Por lo general no se capacita a los docentes para
que expliquen a sus alumnos cuáles son sus derechos básicos. Una de las funciones
principales de la escuela es formar ciudadanos, esto implica relacionarse
con gente de entornos diferentes, ser capaz de expresar las propias opiniones,
participar en su grupo social, valorar la paz, ser solidarios y sostener la
igualdad de derechos.
Nacemos pequeños y vulnerables, pero llenos de posibilidades
y de deseos. La familia da sustento y acompaña en su desarrollo a los pequeños
que luego recibimos en los jardines de niños. Condicionados por cada realidad
sociocultural, aparecen desigualdades y desventajas para muchos de esos niños.

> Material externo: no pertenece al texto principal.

lemma automorphism_subset_structure:
  assumes "bij_betw s A A"
  shows "automorphism (subset_structure A a b) (image s) (image s)"
  unfolding automorphism_def
proof (intro conjI ballI)
  fix P L assume "P \<in> pts (subset_structure A a b)" "L \<in> lns (subset_structure A a b)"
  then have "P \<subseteq> A" "L \<subseteq> A" by simp_all
  moreover have "inj_on s A" using assms by (rule bij_betw_imp_inj_on)
  ultimately have "s ` L \<subseteq> s ` P \<longleftrightarrow> L \<subseteq> P"
    by (metis image_mono inv_into_image_cancel)
  then show "inc (subset_structure A a b) (s ` P) (s ` L) \<longleftrightarrow> inc (subset_structure A a b) P L"
    by simp
qed (simp_all add: bij_betw_image_ksubsets assms)

lemma ex_permutation_mapping_chain:
  assumes "finite A" "L \<subseteq> P" "P \<subseteq> A" "L' \<subseteq> P'" "P' \<subseteq> A"
    and "card L = card L'" "card P = card P'"
  obtains s where "bij_betw s A A" "s ` L = L'" "s ` P = P'"
proof -
  have fin: "finite P" "finite P'" "finite L" "finite L'"
    using assms(1-5) finite_subset by metis+
  obtain s1 where s1: "bij_betw s1 L L'"
    using finite_same_card_bij fin(3,4) assms(6) by blast
  obtain s2 where s2: "bij_betw s2 (P - L) (P' - L')"
    using finite_same_card_bij fin assms(2,4,6,7) by (metis card_Diff_subset finite_Diff)
  obtain s3 where s3: "bij_betw s3 (A - P) (A - P')"
    using finite_same_card_bij assms(1,3,5,7) fin(1,2) by (metis card_Diff_subset finite_Diff)
  define t where "t x = (if x \<in> L then s1 x else s2 x)" for x
  define s where "s x = (if x \<in> P then t x else s3 x)" for x
  have "bij_betw t (L \<union> (P - L)) (L' \<union> (P' - L'))"
    unfolding t_def by (rule bij_betw_disjoint_Un[OF s1 s2]) blast+
  then have t: "bij_betw t P P'"
    using assms(2,4) by (simp add: Un_absorb1)
  then have "bij_betw s (P \<union> (A - P)) (P' \<union> (A - P'))"
    unfolding s_def by (rule bij_betw_disjoint_Un[OF _ s3]) blast+
  then have "bij_betw s A A"
    using assms(3,5) by (simp add: Un_absorb1)
  moreover have "s ` L = L'" "s ` P = P'"
    using s1 t assms(2) by (auto simp: bij_betw_def s_def t_def)
  ultimately show ?thesis using that by blast
qed

lemma flag_transitive_subset_structure:
  assumes "finite A"
  shows "flag_transitive (subset_structure A a b)"
  unfolding flag_transitive_def
proof clarify
  fix P L P' L'
  assume "(P, L) \<in> flags (subset_structure A a b)" "(P', L') \<in> flags (subset_structure A a b)"
  then have "L \<subseteq> P" "P \<subseteq> A" "L' \<subseteq> P'" "P' \<subseteq> A" "card L = card L'" "card P = card P'"
    by (auto simp: flags_def)
  then obtain s where "bij_betw s A A" "s ` L = L'" "s ` P = P'"
    by (metis assms ex_permutation_mapping_chain)
  then show "\<exists>f g. automorphism (subset_structure A a b) f g \<and> f P = P' \<and> g L = L'"
    using automorphism_subset_structure by blast
qed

Es por eso que los primeros derechos que la institución escolar aborda son
el de identidad y el de salud. La documentación que acredita su identidad,
la que demuestra que ha sido vacunado y una visión general de su estado de
salud físico y emocional, son los primeros datos que nos cuentan quién es
ese niño y qué lugar se le ha dado en la familia.
El docente comienza su trabajo a partir de estos
indicadores, con la familia primero, y luego hará el abordaje desde su planeación
didáctica para el aula.
El derecho a una identidad
Los datos de filiación, además de un nombre, llevan implícita
a la familia que respalda al niño. El nombre propio lo individualiza y el
apellido lo incluye como miembro de una familia determinada. Es necesario
aclarar con los padres estos aspectos porque cuando en el grupo hay chicos
que no fueron reconocidos por el padre, que están a cargo de otros familiares,
o que fueron adoptados, etc., son temas que requieren ser tratados primero
en el hogar, y es frecuente que el docente sea quien inicie este proceso,
y ponga en evidencia la problemática que hasta ese momento permanecía oculta
o ignorada, a causa de actitudes prejuiciosas o por desconocer cómo manejarla.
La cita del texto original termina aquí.